10 December 2020

Doorstop interview, Parliament House, Canberra

Note

Topics: Consumer credit reforms.

Michael Sukkar:

Thanks so much for coming down, everybody, today. Myself and the group standing behind me who I’ll introduce you to in a moment, have met in relation to the Government's changes to consumer credit.

We have representatives here from the Mortgage and Finance Association, the Automotive Dealers Association, the Federal Chamber of Automotive Industries, from the Master Builders Association, from the HIA, COSBOA and ACCI, I think I've got them all, which represent hundreds of thousands of Australians and indeed millions of Australian businesses. What we were speaking about today, and the Treasurer joined us, was our changes to consumer credit, which are going to assist to fuel the comeback in 2021.
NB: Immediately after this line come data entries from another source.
lemma supporting_if_sublevel_gradient:
  fixes f :: "'a::real_inner \<Rightarrow> real"
  assumes "convex X" "p \<in> X" "open U" "p \<in> U" "X \<inter> U = {x\<in>U. f x \<le> 0}" "f p = 0"
    and f: "(f has_derivative (\<lambda>h. \<nu> \<bullet> h)) (at p)"
  shows "\<forall>y\<in>X. \<nu> \<bullet> y \<le> \<nu> \<bullet> p"
proof (rule ccontr)
  assume "\<not> ?thesis"
  then obtain y where y: "y \<in> X" "\<nu> \<bullet> (y - p) > 0"
    by (auto simp: inner_diff_right)
  define n where "n = norm (y - p)"
  define c where "c = \<nu> \<bullet> (y - p) / n"
  have n: "n > 0"
    using y(2) by (auto simp: n_def)
  then have c: "c > 0"
    using y(2) by (simp add: c_def)
  obtain d where d: "d > 0"
    and pos: "\<And>w. norm (w - p) < d \<Longrightarrow> w \<noteq> p \<Longrightarrow> \<nu> \<bullet> (w - p) \<ge> c * norm (w - p) \<Longrightarrow> f w > 0"
    using pos_near_if_gradient[OF f \<open>f p = 0\<close> c] by blast
  obtain d' where d': "d' > 0" "ball p d' \<subseteq> U"
    using assms(3,4) by (meson openE)
  \<comment> \<open>A point of the segment from \<open>p\<close> to \<open>y\<close> close to \<open>p\<close> lies in \<open>X \<inter> U\<close> but has \<open>f > 0\<close>.\<close>
  define t where "t = min 1 (min d d' / (2 * n))"
  have t: "0 < t" "t \<le> 1"
    using d d' n by (auto simp: t_def)
  have "t * n \<le> (min d d' / (2 * n)) * n"
    using n by (intro mult_right_mono) (auto simp: t_def)
  also have "\<dots> < min d d'"
    using n d d' by (auto simp: min_def)
  finally have tn: "t * n < min d d'" .
  define w where "w = p + t *\<^sub>R (y - p)"
  have nw: "norm (w - p) = t * n"
    using t by (simp add: w_def n_def)
  have "\<nu> \<bullet> (w - p) = t * (\<nu> \<bullet> (y - p))"
    by (simp add: w_def)
  also have "\<dots> = c * norm (w - p)"
    using n by (simp add: nw c_def)
  finally have "f w > 0"
    using nw tn t n by (intro pos) (auto simp: w_def)
  moreover have "w = (1 - t) *\<^sub>R p + t *\<^sub>R y"
    by (simp add: w_def algebra_simps)
  then have "w \<in> X"
    using assms(1,2) y(1) t by (simp add: convex_def)
  moreover have "w \<in> U"
    using d'(2) nw tn by (auto simp: dist_norm norm_minus_commute)
  ultimately show False
    using assms(5) by (metis (mono_tags, lifting) IntI mem_Collect_eq not_le)
qed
We know over recent years, particularly since the Responsible Lending Laws were put in place as a result of the GFC, that more and more red tape and more risk aversion amongst lenders because of those rules, has meant a significant tightening of credit.
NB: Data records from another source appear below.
text \<open>For every \<open>l > 0\<close> the map \<open>x(t) \<mapsto> l powr (1/p) * x(l t)\<close> sends solutions of
  \<open>x''' + c x\<^sup>p x'' = 0\<close> to solutions. A solution of the boundary value problem has
  \<open>x''(0) > 0\<close>: \<open>x'' exp(c \<integral>x\<^sup>p)\<close> is constant, so \<open>x''(0) \<le> 0\<close> would force \<open>x' \<le> 0\<close>,
  against \<open>x' \<rightarrow> \<beta> > 0\<close>. Hence a second solution \<open>y\<close> can be rescaled to have the initial
  data \<open>(0, 0, x''(0))\<close> of \<open>x\<close>. Since \<open>s \<mapsto> s\<^sup>p\<close> is locally Lipschitz on \<open>[0,\<infinity>)\<close> for
  \<open>p \<ge> 1\<close>, the initial value problem has unique solutions (Gronwall for the squared distance
  of the two jets), so \<open>x(t) = l powr (1/p) * y(l t)\<close>. Comparing the limits \<open>\<beta>\<close> and
  \<open>l powr (1/p + 1) * \<beta>\<close> of \<open>x'\<close> gives \<open>l = 1\<close>.\<close>

lemma DERIV_nonpos_imp_le_Icc:
  fixes f f' :: "real \<Rightarrow> real"
  assumes "a \<le> b"
    and "\<And>x. a \<le> x \<Longrightarrow> x \<le> b \<Longrightarrow> (f has_real_derivative f' x) (at x within {a..b})"
    and "\<And>x. a \<le> x \<Longrightarrow> x \<le> b \<Longrightarrow> f' x \<le> 0"
  shows "f b \<le> f a"
proof -
  obtain x where x: "x \<in> {a..b}" "f b - f a = f' x * (b - a)"
    using mvt_very_simple[OF assms(1), of f "\<lambda>x h. f' x * h"] assms(2)
    by (auto simp: has_field_derivative_def)
  have "f' x * (b - a) \<le> 0"
    using assms(1,3) x(1) by (simp add: mult_nonpos_nonneg)
  with x(2) show ?thesis by simp
qed
(* Suppose Assumptions 1 and 2 hold, and let $\rho > \mathcal{D}_{Z_\star} := \max_{(y^\star,Z^\star)\in\mathcal{D}^\star}\operatorname{tr}(Z^\star)$. Then a matrix $\hat X\in\mathbb{S}^n$ is an optimal solution of the primal SDP (P) if and only if it is an optimal solution of the penalized problem $$\min_{X\in\mathbb{S}^n}\ \langle C,X\rangle+\rho\max\{\lambda_{\max}(-X),0\}\quad\text{subject to}\quad \langle A_i,X\rangle=b_i,\ i=1,\dots,m.$$
   Context: Data: $b\in\mathbb{R}^m$ and $C,A_1,\dots,A_m\in\mathbb{S}^n$ (real symmetric $n\times n$ matrices), with the trace inner product $\langle X,Y\rangle=\operatorname{tr}(XY)$. Define $\mathcal{A}:\mathbb{S}^n\to\mathbb{R}^m$, $\mathcal{A}(X)=(\langle A_1,X\rangle,\dots,\langle A_m,X\rangle)^\top$, with adjoint $\mathcal{A}^*(y)=\sum_{i=1}^m y_iA_i$. The primal SDP (P) is $\min_X\langle C,X\rangle$ s.t. $\mathcal{A}(X)=b$, $X\succeq 0$; the dual SDP (D) is $\max_{y,Z} b^\top y$ s.t. $Z+\mathcal{A}^*(y)=C$, $Z\succeq0$. $\mathcal{P}^\star$ is the set of optimal solutions of (P) and $\mathcal{D}^\star$ the set of optimal pairs $(y,Z)$ of (D). Assumption 1: $A_1,\dots,A_m$ are linearly independent. Assumption 2: (P) and (D) are both strictly feasible (there is a feasible $X\succ0$ for (P) and a feasible $(y,Z)$ with $Z\succ0$ for (D)). Under these assumptions $\mathcal{D}^\star$ is nonempty and compact, so the maximum defining $\mathcal{D}_{Z_\star}$ exists. $\lambda_{\max}$ denotes the largest eigenvalue. *)

theory Defs
  imports "HOL-Analysis.Analysis"
begin

type_synonym 'n smat = "real^'n^'n"

definition symm :: "'n::finite smat \<Rightarrow> bool" where
  "symm X \<longleftrightarrow> transpose X = X"

definition tinner :: "'n::finite smat \<Rightarrow> 'n smat \<Rightarrow> real" where
  "tinner X Y = trace (X ** Y)"

definition psd :: "'n::finite smat \<Rightarrow> bool" where
  "psd X \<longleftrightarrow> (\<forall>v. 0 \<le> v \<bullet> (X *v v))"

definition pd :: "'n::finite smat \<Rightarrow> bool" where
  "pd X \<longleftrightarrow> (\<forall>v. v \<noteq> 0 \<longrightarrow> 0 < v \<bullet> (X *v v))"

definition lambda_max :: "'n::finite smat \<Rightarrow> real" where
  "lambda_max X = Max {l. \<exists>v. v \<noteq> 0 \<and> X *v v = l *\<^sub>R v}"
(* For any finite graph $G$ and integer $k\ge0$: $\alpha(G)=k$ if and only if $G$ has an extended independent set of order $k$ but no extended independent set of any order larger than $k$.
   Context: Let $G$ be a graph. An extended independent set of order $k$ in $G$ is a set $K$ of $k+r$ vertices, for some integer $0\le r\le k$, such that: (1) the induced subgraph $G[K]$ has no cycles, has exactly $2r$ non-isolated vertices, and the subgraph of $G[K]$ induced on these $2r$ vertices has a perfect matching; and (2) for every vertex $v\notin K$, the set $\mathcal N(v)\cap K$ (where $\mathcal N(v)$ is the neighbourhood of $v$) contains at least two isolated vertices of $G[K]$, or contains at least two vertices of the same connected component of $G[K]$. $\alpha(G)$ is the independence number of $G$. *)

theory Defs
  imports Main
begin

definition fin_graph :: "'a set \<Rightarrow> ('a \<Rightarrow> 'a \<Rightarrow> bool) \<Rightarrow> bool" where
  "fin_graph V E \<longleftrightarrow> finite V \<and> (\<forall>u v. E u v \<longrightarrow> E v u) \<and> (\<forall>u. \<not> E u u)
     \<and> (\<forall>u v. E u v \<longrightarrow> u \<in> V \<and> v \<in> V)"

definition nbhd :: "('a \<Rightarrow> 'a \<Rightarrow> bool) \<Rightarrow> 'a \<Rightarrow> 'a set" where
  "nbhd E v = {u. E v u}"

definition independent :: "'a set \<Rightarrow> ('a \<Rightarrow> 'a \<Rightarrow> bool) \<Rightarrow> 'a set \<Rightarrow> bool" where
  "independent V E S \<longleftrightarrow> S \<subseteq> V \<and> (\<forall>u\<in>S. \<forall>v\<in>S. \<not> E u v)"

definition indep_number :: "'a set \<Rightarrow> ('a \<Rightarrow> 'a \<Rightarrow> bool) \<Rightarrow> nat" where
  "indep_number V E = Max {card S | S. independent V E S}"

definition has_cycle_in :: "('a \<Rightarrow> 'a \<Rightarrow> bool) \<Rightarrow> 'a set \<Rightarrow> bool" where
  "has_cycle_in E K \<longleftrightarrow> (\<exists>cs. length cs \<ge> 3 \<and> distinct cs \<and> set cs \<subseteq> K
     \<and> (\<forall>i. Suc i < length cs \<longrightarrow> E (cs ! i) (cs ! Suc i))
     \<and> E (last cs) (hd cs))"

definition isolated_in :: "('a \<Rightarrow> 'a \<Rightarrow> bool) \<Rightarrow> 'a set \<Rightarrow> 'a set" where
  "isolated_in E K = {v \<in> K. \<forall>u\<in>K. \<not> E v u}"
A significant tightening of credit means a few things. It means the first home buyer finds it harder to get a loan to buy that first time. It means a small business which has their personal home as an asset as part of their broader small business borrowing, are unable to get that overdraft. We heard examples in the roundtable today, of a first time buyer, Mark, who had pre-approval from his bank, he went and bought his home in between that contract date and settlement, he got a promotion at work, he notified his bank of that promotion and they had to then reassess his entire pre-approval because his circumstances had changed, which jeopardized his ability to be able to actually make the final payment and settlement. We heard other examples today of small businesses having to obtain finance offshore rather than finance in Australia because the appetite for risk is so low as a result of the very restrictive Responsible Lending Obligations that are in place in Australia.
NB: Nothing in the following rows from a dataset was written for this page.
(* Let $m$ be a positive integer and $k\ge0$. If $\|m\alpha\|\le\|q_k\alpha\|$, then $\mathrm{ab}_\alpha(m)\ge q_{k+1}$. If $\|m\alpha\|\ge\|q_k\alpha\|$, then $\mathrm{ab}_\alpha(m)<q_{k+1}+q_k$.
   Context: $\alpha\in(0,1)$ irrational, $\alpha=[0;a_1,a_2,\ldots]$ with positive integers $a_i$, $a_1\ge2$; $q_{-1}=0$, $q_0=1$, $q_1=a_1$, $q_k=a_kq_{k-1}+q_{k-2}$ ($k\ge2$). $\|x\|$ is the distance from $x$ to the nearest integer. Sturmian words of slope $\alpha$: with $R(\rho)=\{\rho+\alpha\}$ on $[0,1)$ and either $I_0=[0,1-\alpha)$ or $I_0=(0,1-\alpha]$ ($I_1$ its complement), $\mathbf{s}_{\rho,\alpha}$ has $n$-th letter $0$ iff $R^n(\rho)\in I_0$; they share a set $\mathcal{L}_\alpha$ of finite factors. An abelian power of period $m$ and exponent $e$ is a concatenation of $e$ pairwise abelian equivalent words (same numbers of $0$s and $1$s) of length $m$; $\mathrm{ab}_\alpha(m)$ is the maximum exponent of an abelian power of period $m$ in $\mathcal{L}_\alpha$ (it is known that $\mathrm{ab}_\alpha(m)=\lfloor 1/\|m\alpha\|\rfloor$). *)

theory Defs
  imports Complex_Main
begin

definition dist_int :: "real \<Rightarrow> real" where
  "dist_int x = \<bar>x - of_int (round x)\<bar>"

text \<open>Continued fraction expansion alpha = [0; a_1, a_2, ...] via the Gauss map:
  cf_rest alpha n is the n-th complete remainder (alpha_0 = alpha,
  alpha_{n+1} = frac (1/alpha_n)), and a_{n+1} = floor (1/alpha_n).\<close>
fun cf_rest :: "real \<Rightarrow> nat \<Rightarrow> real" where
  "cf_rest \<alpha> 0 = \<alpha>"
| "cf_rest \<alpha> (Suc n) = frac (1 / cf_rest \<alpha> n)"

definition cf_a :: "real \<Rightarrow> nat \<Rightarrow> nat" where
  "cf_a \<alpha> n = nat \<lfloor>1 / cf_rest \<alpha> (n - 1)\<rfloor>"   (* meaningful for n \<ge> 1 *)

text \<open>Denominators of convergents: q_0 = 1, q_1 = a_1, q_k = a_k q_{k-1} + q_{k-2}
  (consistent with q_{-1} = 0).\<close>
fun cf_q :: "real \<Rightarrow> nat \<Rightarrow> nat" where
  "cf_q \<alpha> 0 = 1"
| "cf_q \<alpha> (Suc 0) = cf_a \<alpha> 1"
| "cf_q \<alpha> (Suc (Suc k)) = cf_a \<alpha> (k + 2) * cf_q \<alpha> (Suc k) + cf_q \<alpha> k"

text \<open>Sturmian word of slope alpha and intercept rho; b selects the interval:
  b = False: I_0 = [0, 1 - alpha);  b = True: I_0 = (0, 1 - alpha].\<close>
definition in_I0 :: "bool \<Rightarrow> real \<Rightarrow> real \<Rightarrow> bool" where
  "in_I0 b \<alpha> x = (if b then 0 < x \<and> x \<le> 1 - \<alpha> else 0 \<le> x \<and> x < 1 - \<alpha>)"

definition sturmian :: "bool \<Rightarrow> real \<Rightarrow> real \<Rightarrow> nat \<Rightarrow> nat" where
  "sturmian b \<rho> \<alpha> n = (if in_I0 b \<alpha> (frac (\<rho> + real n * \<alpha>)) then 0 else 1)"

definition sturm_lang :: "real \<Rightarrow> nat list set" where
  "sturm_lang \<alpha> = {w. \<exists>b \<rho> i. 0 \<le> \<rho> \<and> \<rho> < 1 \<and>
      w = map (\<lambda>j. sturmian b \<rho> \<alpha> (i + j)) [0..<length w]}"

definition abelian_power :: "nat list \<Rightarrow> nat \<Rightarrow> nat \<Rightarrow> bool" where
  "abelian_power w m e \<longleftrightarrow> length w = e * m \<and>
     (\<forall>i<e. \<forall>j<e. (\<forall>c::nat. count_list (take m (drop (i * m) w)) c = count_list (take m (drop (j * m) w)) c))"
lemma solid_normal_seq_Inter:
  assumes "solid_normal_seq \<tau> V"
  shows "solid (\<Inter>n. V n)" "0 \<in> (\<Inter>n. V n)"
    "\<And>a b. a \<in> (\<Inter>n. V n) \<Longrightarrow> b \<in> (\<Inter>n. V n) \<Longrightarrow> a + b \<in> (\<Inter>n. V n)"
proof -
  have V: "normal_seq \<tau> V" "\<And>n. solid (V n)"
    using assms unfolding solid_normal_seq_def by auto
  show "solid (\<Inter>n. V n)" by (rule solid_INT) (rule V(2))
  show "0 \<in> (\<Inter>n. V n)" using normal_seq_zero[OF V(1)] by blast
  show "a + b \<in> (\<Inter>n. V n)" if "a \<in> (\<Inter>n. V n)" "b \<in> (\<Inter>n. V n)" for a b
    using that by (blast intro: normal_seq_add[OF V(1)])
qed

lemma solid_normal_seq_const_UNIV:
  "linear_topology \<tau> \<Longrightarrow> solid_normal_seq \<tau> (\<lambda>_. UNIV)"
  unfolding solid_normal_seq_def normal_seq_def by (simp add: nhd0_UNIV solid_UNIV)

lemma solid_normal_seq_Int:
  assumes "solid_normal_seq \<tau> V" "solid_normal_seq \<tau> W"
  shows "solid_normal_seq \<tau> (\<lambda>n. V n \<inter> W n)"
  unfolding solid_normal_seq_def normal_seq_def
proof (intro conjI allI subsetI)
  fix n
  show "nhd0 \<tau> (V n \<inter> W n)"
    using assms by (intro nhd0_Int normal_seq_nhd0) (auto simp: solid_normal_seq_def)
  show "solid (V n \<inter> W n)"
    using assms unfolding solid_normal_seq_def solid_def by blast
  fix x assume "x \<in> {a + b |a b. a \<in> V (Suc n) \<inter> W (Suc n) \<and> b \<in> V (Suc n) \<inter> W (Suc n)}"
  then show "x \<in> V n \<inter> W n"
    using assms normal_seq_add unfolding solid_normal_seq_def by blast
qed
So these changes, which were announced or introduced into the Parliament, are going to help fuel the comeback in 2021, assisting Australians and small businesses to obtain the finance they need to create jobs.  These measures are not about banks. These measures are not here to help lenders. These measures are here to help everyday Australians.  People who want to go about their lives, go about their business, have good businesses, are good credit risks, and should be given the opportunity to get that finance and that's what these laws do and they balance the consumer protections by ensuring that the APRA lending standards will continue to apply to provide those consumer protections.

So I might now ask some of the representatives of the organisations that I mentioned earlier, just to give their perspectives on the Government's responsible lending and credit access changes, and I might start with Denita from the Master Builders Association.

Denita Wawn (Master Builders Association):

Thank you, Minister. Certainly from Master Builders’ perspective, our concern has been the accessibility of home lending, particularly at a time when we've had such success with HomeBuilder. We've heard stories over the last couple of months of people being eligible for HomeBuilder, but actually finding it difficult to access credit because of the length and delays and the denial of credit for them to utilize that support from the Government that in turn is enabling economic activity to return to a positive position in our economy.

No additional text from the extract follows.